Fri Mar 7 22:45:11 CET 2008

--On Friday, 07 March, 2008 13:03 -0800 Paul Hoffman
<phoffman at imc.org> wrote:

> Just to be clear: this is not just browsers. All applications
> that use IDNA2003 (mail programs, IM clients, and so on) will
> need to have the self-update property described above,
> assuming that we adopt the "mapping is done in the
> application" idea.

Paul,

One needs this even without the "mapping is done in the
application" rule.  

What requires it is getting rid of the rule that unassigned code
points are looked up.  Looking those code points up and having
that be stable across Unicode versions essentially requires the
assumption that no character will be added to Unicode in the
future that would have either a canonical or compatibility
composition or that it would be transformed by casemapping
(essentially that no more upper case characters would be added).
That requirement is untenable, as evidenced by both Erik's
Bactrian examples or the recent introduction of an upper-case
Eszett that was part of the beginning of this thread.

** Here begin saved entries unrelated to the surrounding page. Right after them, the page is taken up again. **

lemma permutes_extend_bij_betw:
  assumes "finite S" and f: "bij_betw f A B" and "A \<subseteq> S" and "B \<subseteq> S"
  obtains p where "p permutes S" and "\<And>x. x \<in> A \<Longrightarrow> p x = f x"
proof -
  have "finite A" "finite B" using assms finite_subset by auto
  moreover have "card A = card B" using f bij_betw_same_card by blast
  ultimately have "card (S - A) = card (S - B)"
    using assms(3,4) by (simp add: card_Diff_subset)
  then obtain h where h: "bij_betw h (S - A) (S - B)"
    using finite_same_card_bij assms(1) by blast
  define p where "p x = (if x \<in> S then (if x \<in> A then f x else h x) else x)" for x
  have b: "bij_betw (\<lambda>x. if x \<in> A then f x else h x) (A \<union> (S - A)) (B \<union> (S - B))"
    by (rule bij_betw_disjoint_Un[OF f h]) blast+
  have e: "A \<union> (S - A) = S" "B \<union> (S - B) = S" using assms by auto
  have "bij_betw p S S"
    using b unfolding e by (rule bij_betw_cong[THEN iffD1, rotated]) (simp add: p_def)
  then have "p permutes S" by (rule bij_imp_permutes) (simp add: p_def)
  moreover have "p x = f x" if "x \<in> A" for x using that assms by (auto simp: p_def)
  ultimately show ?thesis by (rule that)
qed

lemma disjoint_family_on_nth_Cons:
  assumes "disjoint_family_on (nth (A # As)) {..<length (A # As)}"
  shows "disjoint_family_on (nth As) {..<length As}" and "A \<inter> \<Union>(set As) = {}"
proof -
  show "disjoint_family_on (nth As) {..<length As}"
    unfolding disjoint_family_on_def
  proof (intro ballI impI)
    fix i j assume "i \<in> {..<length As}" "j \<in> {..<length As}" "i \<noteq> j"
    with assms[unfolded disjoint_family_on_def, rule_format, of "Suc i" "Suc j"]
    show "As ! i \<inter> As ! j = {}" by simp
  qed
  show "A \<inter> \<Union>(set As) = {}"
  proof (rule ccontr)
    assume "A \<inter> \<Union>(set As) \<noteq> {}"
    then obtain x j where "x \<in> A" "j < length As" "x \<in> As ! j" by (auto simp: in_set_conv_nth)
    with assms[unfolded disjoint_family_on_def, rule_format, of 0 "Suc j"] show False by auto
  qed
qed

lemma bij_betw_parts:
  assumes "length As = length Bs"
    and "\<forall>i<length As. finite (As ! i) \<and> finite (Bs ! i) \<and> card (As ! i) = card (Bs ! i)"
    and "disjoint_family_on (nth As) {..<length As}" and "disjoint_family_on (nth Bs) {..<length Bs}"
  shows "\<exists>f. bij_betw f (\<Union>(set As)) (\<Union>(set Bs)) \<and> (\<forall>i<length As. f ` (As ! i) = Bs ! i)"
  using assms
proof (induction As Bs rule: list_induct2)
  case Nil
  then show ?case by (auto simp: bij_betw_def)
next
  case (Cons A As B Bs)
  have "finite A" "finite B" "card A = card B" using Cons.prems(1) by auto
  then obtain h where h: "bij_betw h A B" using finite_same_card_bij by blast
  have dA: "A \<inter> \<Union>(set As) = {}" and dB: "B \<inter> \<Union>(set Bs) = {}"
    using disjoint_family_on_nth_Cons(2) Cons.prems(2,3) by blast+
  have "\<forall>i<length As. finite (As ! i) \<and> finite (Bs ! i) \<and> card (As ! i) = card (Bs ! i)"
    using Cons.prems(1) by auto
  from Cons.IH[OF this disjoint_family_on_nth_Cons(1)[OF Cons.prems(2)]
      disjoint_family_on_nth_Cons(1)[OF Cons.prems(3)]]
  obtain f where f: "bij_betw f (\<Union>(set As)) (\<Union>(set Bs))" "\<forall>i<length As. f ` (As ! i) = Bs ! i"
    by blast
  define F where "F = (\<lambda>x. if x \<in> A then h x else f x)"
  have "bij_betw F (\<Union>(set (A # As))) (\<Union>(set (B # Bs)))"
    using bij_betw_disjoint_Un[OF h f(1) dA dB] by (simp add: F_def)
  moreover have "F ` ((A # As) ! i) = (B # Bs) ! i" if "i < length (A # As)" for i
  proof (cases i)
    case 0
    have "F ` A = h ` A" by (simp add: F_def)
    then show ?thesis using h 0 by (simp add: bij_betw_def)
  next
    case (Suc j)
    with that have j: "j < length As" by simp
    then have "As ! j \<inter> A = {}" using dA nth_mem by blast
    then have "F ` (As ! j) = f ` (As ! j)" by (auto simp: F_def)
    then show ?thesis using Suc f(2) j by simp
  qed
  ultimately show ?case by blast
qed

lemma card_image_comp_inj: "inj p \<Longrightarrow> card ((p \<circ> f) ` S) = card (f ` S)"
  by (metis card_image image_comp inj_on_subset subset_UNIV)

lemma image_image_comp: "image (g \<circ> h) ` X = image g ` image h ` X"
  by (simp add: image_comp image_image)

lemma image_inv_image_permutes:
  assumes "p permutes S"
  shows "image (inv p) ` (image p ` X) = X"
  by (simp add: image_comp permutes_inv_o(2)[OF assms])

lemma transversal_through:
  assumes "u \<in> S"
  obtains R where "R \<subseteq> S" and "u \<in> R" and "bij_betw f R (f ` S)"
proof -
  define g where "g w = (if w = f u then u else inv_into S f w)" for w
  have g: "g w \<in> S \<and> f (g w) = w" if "w \<in> f ` S" for w
    using that assms by (auto simp: g_def inv_into_into f_inv_into_f)
  define R where "R = g ` f ` S"
  have "R \<subseteq> S" using g by (auto simp: R_def)
  moreover have "u \<in> R" unfolding R_def using assms by (auto simp: g_def image_iff)
  moreover have "bij_betw f R (f ` S)"
    by (rule bij_betw_byWitness[where f' = g]) (use g in \<open>auto simp: R_def\<close>)
  ultimately show ?thesis by (rule that)
qed

section \<open>Generated semigroups and idempotent powers\<close>

lemma gen_mono:
  assumes "X \<subseteq> Y"
  shows "gen X \<subseteq> gen Y"
proof
  fix f assume "f \<in> gen X"
  then show "f \<in> gen Y" by induction (use assms in \<open>blast intro: gen.intros\<close>)+
qed

lemma gen_insert_subset:
  assumes "\<And>g h. g \<in> H \<Longrightarrow> h \<in> H \<Longrightarrow> g \<circ> h \<in> H"
    and "a \<in> M"
    and "\<And>h f. h \<in> H \<Longrightarrow> f \<in> M \<Longrightarrow> h \<circ> f \<in> M"
    and "\<And>h f. h \<in> H \<Longrightarrow> f \<in> M \<Longrightarrow> f \<circ> h \<in> M"
    and "\<And>f f'. f \<in> M \<Longrightarrow> f' \<in> M \<Longrightarrow> f \<circ> f' \<in> M"
  shows "gen (insert a H) \<subseteq> H \<union> M"
proof
  fix f assume "f \<in> gen (insert a H)"
  then show "f \<in> H \<union> M" by induction (use assms in blast)+
qed

lemma funpow_Suc_in_gen: "c \<in> gen X \<Longrightarrow> c ^^ Suc m \<in> gen X"
  by (induction m) (auto intro: gen.comp)

lemma funpow_periodic:
  fixes c :: "'a \<Rightarrow> 'a"
  assumes "c ^^ i = c ^^ j" and "i < j"
  shows "c ^^ (i + x + t * (j - i)) = c ^^ (i + x)"
proof (induction t)
  case (Suc t)
  have "i + x + Suc t * (j - i) = (x + t * (j - i)) + j" using assms(2) by simp
  then have "c ^^ (i + x + Suc t * (j - i)) = c ^^ (x + t * (j - i)) \<circ> c ^^ i"
    by (simp only: funpow_add assms(1))
  also have "\<dots> = c ^^ (i + x + t * (j - i))"
    by (simp only: funpow_add[symmetric]) (simp add: ac_simps)
  finally show ?case using Suc.IH by simp
qed simp

lemma funpow_idempotent_exists:
  fixes c :: "'a \<Rightarrow> 'a"
  assumes "finite (range (\<lambda>m. c ^^ m))"
  obtains m where "m \<ge> 1" and "c ^^ m \<circ> c ^^ m = c ^^ m"
proof -
  have "\<not> inj (\<lambda>m::nat. c ^^ m)" using assms finite_imageD infinite_UNIV_nat by blast
  then obtain i j :: nat where "i < j" "c ^^ i = c ^^ j"
    unfolding inj_def by (metis linorder_neqE_nat)
  \<comment> \<open>a multiple of the period \<open>j - i\<close> beyond the preperiod \<open>i\<close>\<close>
  define m where "m = (i + 1) * (j - i)"
  have "(i + 1) * 1 \<le> (i + 1) * (j - i)" using \<open>i < j\<close> by (intro mult_le_mono2) simp
  then have "m \<ge> i + 1" by (simp add: m_def)
  have "m + m = i + (m - i) + (i + 1) * (j - i)" using \<open>m \<ge> i + 1\<close> by (simp add: m_def)
  then have "c ^^ m \<circ> c ^^ m = c ^^ (i + (m - i) + (i + 1) * (j - i))"
    by (simp only: funpow_add[symmetric])
  also have "\<dots> = c ^^ m"
    using funpow_periodic[OF \<open>c ^^ i = c ^^ j\<close> \<open>i < j\<close>, of "m - i" "i + 1"] \<open>m \<ge> i + 1\<close> by simp
  finally show ?thesis using that[of m] \<open>m \<ge> i + 1\<close> by simp
qed

section \<open>Kernels and images of transformations\<close>

lemma Tn_comp: "f \<in> Tn n \<Longrightarrow> g \<in> Tn n \<Longrightarrow> f \<circ> g \<in> Tn n"
  unfolding Tn_def by (auto simp: image_subset_iff)

lemma id_in_Tn: "id \<in> Tn n"
  unfolding Tn_def by simp

lemma Tn_image_subset: "f \<in> Tn n \<Longrightarrow> f ` {1..n} \<subseteq> {1..n}"
  unfolding Tn_def by blast

lemma Tn_outside: "f \<in> Tn n \<Longrightarrow> x \<notin> {1..n} \<Longrightarrow> f x = x"
  unfolding Tn_def by blast

lemma permutes_in_Tn: "p permutes {1..n} \<Longrightarrow> p \<in> Tn n"
  unfolding Tn_def using permutes_image permutes_not_in by fastforce

lemma gen_subset_Tn:
  assumes "X \<subseteq> Tn n"
  shows "gen X \<subseteq> Tn n"
proof
  fix f assume "f \<in> gen X"
  then show "f \<in> Tn n" by induction (use assms Tn_comp in blast)+
qed

lemma finite_Tn: "finite (Tn n)"
proof -
  have "inj_on (\<lambda>f. restrict f {1..n}) (Tn n)"
  proof (rule inj_onI)
    fix f g assume fg: "f \<in> Tn n" "g \<in> Tn n" "restrict f {1..n} = restrict g {1..n}"
    show "f = g"
    proof
      fix x show "f x = g x"
      proof (cases "x \<in> {1..n}")
        case True then show ?thesis by (metis fg(3) restrict_apply')
      next
        case False then show ?thesis using Tn_outside[OF fg(1) False] Tn_outside[OF fg(2) False] by simp
      qed
    qed
  qed
  moreover have "(\<lambda>f. restrict f {1..n}) ` Tn n \<subseteq> {1..n} \<rightarrow>\<^sub>E {1..n}"
    using Tn_image_subset by (auto simp: restrict_PiE_iff image_subset_iff)
  then have "finite ((\<lambda>f. restrict f {1..n}) ` Tn n)"
    by (rule finite_subset) (simp add: finite_PiE)
  ultimately show ?thesis by (rule finite_imageD[rotated])
qed

lemma funpow_in_Tn: "c \<in> Tn n \<Longrightarrow> c ^^ m \<in> Tn n"
  by (induction m) (simp_all add: id_in_Tn Tn_comp)

lemma kernel_classes_image: "kernel_classes n f = (\<lambda>x. {y \<in> {1..n}. f y = f x}) ` {1..n}"
  unfolding kernel_classes_def by (rule Setcompr_eq_image)

lemma finite_kernel_classes: "finite (kernel_classes n f)"
  unfolding kernel_classes_image by simp

lemma kernel_classes_eq_iff:
  "kernel_classes n f = kernel_classes n g \<longleftrightarrow> (\<forall>x\<in>{1..n}. \<forall>y\<in>{1..n}. f x = f y \<longleftrightarrow> g x = g y)"
proof
  assume eq: "kernel_classes n f = kernel_classes n g"
  show "\<forall>x\<in>{1..n}. \<forall>y\<in>{1..n}. f x = f y \<longleftrightarrow> g x = g y"
  proof (intro ballI)
    fix x y assume x: "x \<in> {1..n}" and y: "y \<in> {1..n}"
    have "{z \<in> {1..n}. f z = f x} \<in> kernel_classes n g"
      using eq x unfolding kernel_classes_image by blast
    then obtain w where "{z \<in> {1..n}. f z = f x} = {z \<in> {1..n}. g z = g w}"
      unfolding kernel_classes_image by blast
    then have "g x = g w" and "f y = f x \<longleftrightarrow> g y = g w" using x y by blast+
    then show "f x = f y \<longleftrightarrow> g x = g y" by metis
  qed
next
  assume "\<forall>x\<in>{1..n}. \<forall>y\<in>{1..n}. f x = f y \<longleftrightarrow> g x = g y"
  then show "kernel_classes n f = kernel_classes n g"
    unfolding kernel_classes_image by (intro image_cong) auto
qed
(* If $X\subseteq \mathcal P(\omega)$ is an ultrafilter on $\omega$ (viewed as a subspace of $2^\omega$ via characteristic functions), then Alice has a winning strategy in the grouped Menger game played on $X$.
   Context: $\mathcal P(\omega)$ is identified with $2^\omega$ via characteristic functions, with the product topology. Grouped Menger game on $X\subseteq 2^\omega$: in each round $n\in\omega$ Alice selects a natural number $l_n>0$ and then the players play $l_n$ subrounds of the Menger game, indexed by $i\in[L_n,L_{n+1})$ where $L_0=0$, $L_{n+1}=l_0+\dots+l_n$: in subround $i$ Alice picks an open cover $\mathcal U_i$ of $X$ and Bob picks a finite $\mathcal F_i\subseteq\mathcal U_i$. Bob wins if $X=\bigcup_{n\in\omega}\bigcap_{i\in[L_n,L_{n+1})}\bigcup\mathcal F_i$; otherwise Alice wins. *)

theory Defs
  imports "HOL-Analysis.Analysis"
begin

definition chi :: "nat set \<Rightarrow> (nat \<Rightarrow> bool)" where
  "chi A = (\<lambda>n. n \<in> A)"

definition cantor_top :: "(nat \<Rightarrow> bool) topology" where
  "cantor_top = product_topology (\<lambda>_. discrete_topology UNIV) UNIV"

definition open_in_sub :: "nat set set \<Rightarrow> nat set set \<Rightarrow> bool" where
  "open_in_sub X U \<longleftrightarrow> openin (subtopology cantor_top (chi ` X)) (chi ` U)"

definition open_cover :: "nat set set \<Rightarrow> nat set set set \<Rightarrow> bool" where
  "open_cover X \<U> \<longleftrightarrow> (\<forall>U\<in>\<U>. open_in_sub X U) \<and> \<Union>\<U> = X"

definition ultrafilter_on_nat :: "nat set set \<Rightarrow> bool" where
  "ultrafilter_on_nat X \<longleftrightarrow>
     UNIV \<in> X \<and> {} \<notin> X \<and>
     (\<forall>A B. A \<in> X \<and> A \<subseteq> B \<longrightarrow> B \<in> X) \<and>
     (\<forall>A B. A \<in> X \<and> B \<in> X \<longrightarrow> A \<inter> B \<in> X) \<and>
     (\<forall>A. A \<in> X \<or> - A \<in> X)"

definition nonprincipal :: "nat set set \<Rightarrow> bool" where
  "nonprincipal X \<longleftrightarrow> (\<forall>A\<in>X. infinite A)"

text \<open>A strategy of Alice: a function choosing the group length l_n from Bob's
  previous moves, and a function choosing the cover U_i from Bob's previous moves
  F_0,...,F_(i-1).\<close>
type_synonym alice_strategy =
  "(nat set set set list \<Rightarrow> nat) \<times> (nat set set set list \<Rightarrow> nat set set set)"

definition legal_alice :: "nat set set \<Rightarrow> alice_strategy \<Rightarrow> bool" where
  "legal_alice X \<sigma> \<longleftrightarrow> (\<forall>h. fst \<sigma> h > 0 \<and> open_cover X (snd \<sigma> h))"

fun group_bound :: "alice_strategy \<Rightarrow> (nat \<Rightarrow> nat set set set) \<Rightarrow> nat \<Rightarrow> nat" where
  "group_bound \<sigma> F 0 = 0"
| "group_bound \<sigma> F (Suc n) =
     group_bound \<sigma> F n + fst \<sigma> (map F [0..<group_bound \<sigma> F n])"

definition bob_play_legal :: "alice_strategy \<Rightarrow> (nat \<Rightarrow> nat set set set) \<Rightarrow> bool" where
  "bob_play_legal \<sigma> F \<longleftrightarrow>
     (\<forall>i. finite (F i) \<and> F i \<subseteq> snd \<sigma> (map F [0..<i]))"

definition bob_wins :: "nat set set \<Rightarrow> alice_strategy \<Rightarrow> (nat \<Rightarrow> nat set set set) \<Rightarrow> bool" where
  "bob_wins X \<sigma> F \<longleftrightarrow>
     X = (\<Union>n. \<Inter>i\<in>{group_bound \<sigma> F n..<group_bound \<sigma> F (Suc n)}. \<Union>(F i))"

definition alice_wins_grouped_menger :: "nat set set \<Rightarrow> bool" where
  "alice_wins_grouped_menger X \<longleftrightarrow>
     (\<exists>\<sigma>. legal_alice X \<sigma> \<and> (\<forall>F. bob_play_legal \<sigma> F \<longrightarrow> \<not> bob_wins X \<sigma> F))"

end

theory Submission
  imports Defs
begin

text \<open>Alice plays groups of two rounds. In each round she offers the cover of X by the sets
  \<open>{A \<in> X. k \<in> A}\<close> with \<open>k\<close> above every index Bob has used so far; since Bob picks finitely
  many, his choice in round \<open>i\<close> only covers ultrafilter sets meeting a block \<open>[M i, M (i+1))\<close>
  of a strictly increasing sequence \<open>M\<close>. The union \<open>E\<close> of the even blocks, or its complement,
  belongs to \<open>X\<close>; but \<open>E\<close> misses every odd block and \<open>-E\<close> every even block, so this set is
  not covered by both rounds of any group.\<close>

definition containing :: "nat set set \<Rightarrow> nat \<Rightarrow> nat set set" where
  "containing X k = {A \<in> X. k \<in> A}"

definition tail_cover :: "nat set set \<Rightarrow> nat \<Rightarrow> nat set set set" where
  "tail_cover X m = containing X ` {m..}"

text \<open>The \<open>LEAST\<close> recovers an index \<open>k \<ge> m\<close> of each member \<open>U = containing X k\<close> of Bob's
  move; for sets outside \<open>tail_cover X m\<close> its value is junk but never used.\<close>
definition next_threshold :: "nat set set \<Rightarrow> nat \<Rightarrow> nat set set set \<Rightarrow> nat" where
  "next_threshold X m F = Suc (max m (Max ((\<lambda>U. LEAST k. m \<le> k \<and> U = containing X k) ` F)))"

definition threshold :: "nat set set \<Rightarrow> nat set set set list \<Rightarrow> nat" where
  "threshold X h = foldl (next_threshold X) 0 h"

definition tail_strategy :: "nat set set \<Rightarrow> alice_strategy" where
  "tail_strategy X = (\<lambda>_. 2, \<lambda>h. tail_cover X (threshold X h))"

definition even_blocks :: "(nat \<Rightarrow> nat) \<Rightarrow> nat set" where
  "even_blocks M = {k. \<exists>i. even i \<and> M i \<le> k \<and> k < M (Suc i)}"

lemma open_in_sub_containing: "open_in_sub X (containing X k)"
proof -
  have "continuous_map cantor_top (discrete_topology UNIV) (\<lambda>f. f k)"
    unfolding cantor_top_def by (rule continuous_map_product_projection) simp
  then have "openin cantor_top {f \<in> topspace cantor_top. f k \<in> {True}}"
    by (rule openin_continuous_map_preimage) simp
  then have "openin cantor_top {f. f k}"
    by (simp add: cantor_top_def)
  moreover have "chi ` containing X k = {f. f k} \<inter> chi ` X"
    unfolding containing_def chi_def by auto
  ultimately show ?thesis
    unfolding open_in_sub_def openin_subtopology by blast
qed

lemma open_cover_tail_cover:
  assumes "nonprincipal X"
  shows "open_cover X (tail_cover X m)"
proof -
  have "A \<in> \<Union> (tail_cover X m)" if "A \<in> X" for A
  proof -
    from that assms have "infinite A"
      unfolding nonprincipal_def by blast
    then obtain k where "k \<in> A" "m \<le> k"
      using infinite_nat_iff_unbounded_le by blast
    with that show ?thesis
      unfolding tail_cover_def containing_def by auto
  qed
  then show ?thesis
    unfolding open_cover_def tail_cover_def
    using open_in_sub_containing by (auto simp: containing_def)
qed

lemma less_next_threshold: "m < next_threshold X m F"
  unfolding next_threshold_def by simp

lemma finite_subcover_hits_block:
  assumes "finite F" "F \<subseteq> tail_cover X m" "A \<in> \<Union>F"
  shows "\<exists>k\<in>A. m \<le> k \<and> k < next_threshold X m F"
proof -
  obtain U where U: "U \<in> F" "A \<in> U"
    using assms(3) by blast
  then obtain k0 where k0: "m \<le> k0 \<and> U = containing X k0"
    using assms(2) unfolding tail_cover_def by auto
  define k where "k = (LEAST k. m \<le> k \<and> U = containing X k)"
  have k: "m \<le> k \<and> U = containing X k"
    unfolding k_def by (rule LeastI[where k = k0]) (rule k0)
  have "k \<le> Max ((\<lambda>U. LEAST k. m \<le> k \<and> U = containing X k) ` F)"
    using assms(1) U(1) k_def by (intro Max_ge) auto
  then have "k < next_threshold X m F"
    unfolding next_threshold_def by simp
  with k U(2) show ?thesis
    unfolding containing_def by auto
qed

lemma legal_tail_strategy:
  assumes "nonprincipal X"
  shows "legal_alice X (tail_strategy X)"
  unfolding legal_alice_def tail_strategy_def
  using open_cover_tail_cover[OF assms] by simp

lemma group_bound_tail_strategy: "group_bound (tail_strategy X) F n = 2 * n"
  by (induction n) (simp_all add: tail_strategy_def)

lemma strict_mono_threshold: "strict_mono (\<lambda>i. threshold X (map F [0..<i]))"
  by (rule strict_monoI_Suc) (simp add: threshold_def less_next_threshold)

lemma legal_play_hits_block:
  assumes "bob_play_legal (tail_strategy X) F" "A \<in> \<Union>(F i)"
  defines "M \<equiv> \<lambda>i. threshold X (map F [0..<i])"
  shows "\<exists>k\<in>A. M i \<le> k \<and> k < M (Suc i)"
proof -
  have "finite (F i)" "F i \<subseteq> tail_cover X (M i)"
    using assms(1) unfolding bob_play_legal_def tail_strategy_def M_def by auto
  moreover have "M (Suc i) = next_threshold X (M i) (F i)"
    unfolding M_def threshold_def by simp
  ultimately show ?thesis
    using finite_subcover_hits_block assms(2) by metis
qed

lemma block_unique:
  assumes "strict_mono (M :: nat \<Rightarrow> nat)"
    and "M i \<le> k" "k < M (Suc i)" "M j \<le> k" "k < M (Suc j)"
  shows "i = j"
proof -
  have "\<not> i < j" if "M i \<le> k" "k < M (Suc i)" "M j \<le> k" "k < M (Suc j)" for i j
    using that strict_mono_less_eq[OF assms(1), of "Suc i" j] by (auto simp: Suc_le_eq)
  with assms show ?thesis
    by (meson linorder_neqE_nat)
qed

lemma mem_even_blocks_iff:
  assumes "strict_mono M" "M i \<le> k" "k < M (Suc i)"
  shows "k \<in> even_blocks M \<longleftrightarrow> even i"
  unfolding even_blocks_def using block_unique[OF assms(1)] assms(2,3) by blast

lemma even_blocks_escape_pairs:
  assumes "strict_mono M"
    and hits: "\<And>i A. A \<in> \<Union>(F i) \<Longrightarrow> \<exists>k\<in>A. M i \<le> k \<and> k < M (Suc i)"
    and "x = even_blocks M \<or> x = - even_blocks M"
  shows "x \<notin> \<Union>(F (2 * n)) \<inter> \<Union>(F (Suc (2 * n)))"
proof
  assume x: "x \<in> \<Union>(F (2 * n)) \<inter> \<Union>(F (Suc (2 * n)))"
  from assms(3) show False
  proof
    assume "x = even_blocks M"
    with x hits[of x "Suc (2 * n)"] show False
      using mem_even_blocks_iff[OF assms(1)] by fastforce
  next
    assume "x = - even_blocks M"
    with x hits[of x "2 * n"] show False
      using mem_even_blocks_iff[OF assms(1)] by fastforce
  qed
qed

theorem mainTheorem5:
  fixes X :: "nat set set"
  assumes "ultrafilter_on_nat X" and "nonprincipal X"
  shows "alice_wins_grouped_menger X"
proof -
  have "\<not> bob_wins X (tail_strategy X) F"
    if legal: "bob_play_legal (tail_strategy X) F" for F
  proof -
    define M where "M i = threshold X (map F [0..<i])" for i
    obtain x where x: "x \<in> X" "x = even_blocks M \<or> x = - even_blocks M"
      using assms(1) unfolding ultrafilter_on_nat_def by blast
    have "strict_mono M"
      unfolding M_def by (rule strict_mono_threshold)
    moreover have "\<exists>k\<in>A. M i \<le> k \<and> k < M (Suc i)" if "A \<in> \<Union>(F i)" for i A
      unfolding M_def by (rule legal_play_hits_block[OF legal that])
    ultimately have escape: "x \<notin> \<Union>(F (2 * n)) \<inter> \<Union>(F (Suc (2 * n)))" for n
      by (rule even_blocks_escape_pairs[OF _ _ x(2)])
    have "x \<notin> (\<Inter>i\<in>{2 * n..<2 * Suc n}. \<Union>(F i))" for n
      using escape[of n] by (auto simp del: Union_iff)
    then have "x \<notin> (\<Union>n. \<Inter>i\<in>{2 * n..<2 * Suc n}. \<Union>(F i))"
      by blast
    with x(1) show ?thesis
      unfolding bob_wins_def group_bound_tail_strategy by blast
  qed
  with legal_tail_strategy[OF assms(2)] show ?thesis
    unfolding alice_wins_grouped_menger_def by blast
qed

end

As long as one permits looking up unassigned characters, all
three possible cases (other than "freeze at 3.2 forever") get us
into different types of trouble:

	* Simply upgrading Nameprep/ Stringprep to Unicode 5.0
	or 5.1 without making any of the other IDNA200X changes
	would create an ambiguity.  As I think Erik pointed out,
	an IDNA2003-conforming implementation would encode
	U+03F7 into Punycode as itself (as an unknown code
	point) and try to look it up, while an updated
	application would presumably casefold it to U+03F8 and
	look that up.

	* An IDNA200X-conforming implementation without the "no
	mappings" rule (i.e., with "look up unassigned code
	points" and with mappings similar to Stringprep) would
	behave exactly as above for U+03F7.  However, an
	implementation or standards model consistent with
	Unicode 5.0 would run into substantially the same
	problem when compared to Unicode 5.1 and the inclusion
	of upper-case Eszett with the latter.   Without looking
	up unassigned code points, the Unicode 5.0 version would
	be unable to access the code point that Unicode 5.1
	assigns to upper-case Eszett; once that code point was
	accessible (i.e., after upgrading to Unicode 5.1), it
	would casefold properly.

	* An IDNA200X-conforming implementation without mappings
	would reject U+03F7 entirely for Unicode 5.0 and 5.1 (no
	mappings) and would reject the codepoint for upper-case
	Eszett entirely for 5.1 (again, no mappings) but would
	also reject that codepoint for 5.0 because it was
	unassigned.

We have the "no mapping" rule in the proposed document because
we believe that it is much more clear for both end users and
registrants and because it appears to offer better stability in
the types of relationships above.   But explicit upgrading to
gain access to newly-coded characters under any scenario that
doesn't involve looking up unassigned code points.  And looking
up those code points, _especially_ if mapping is included in the
protocol, leads to inconsistent results.

     john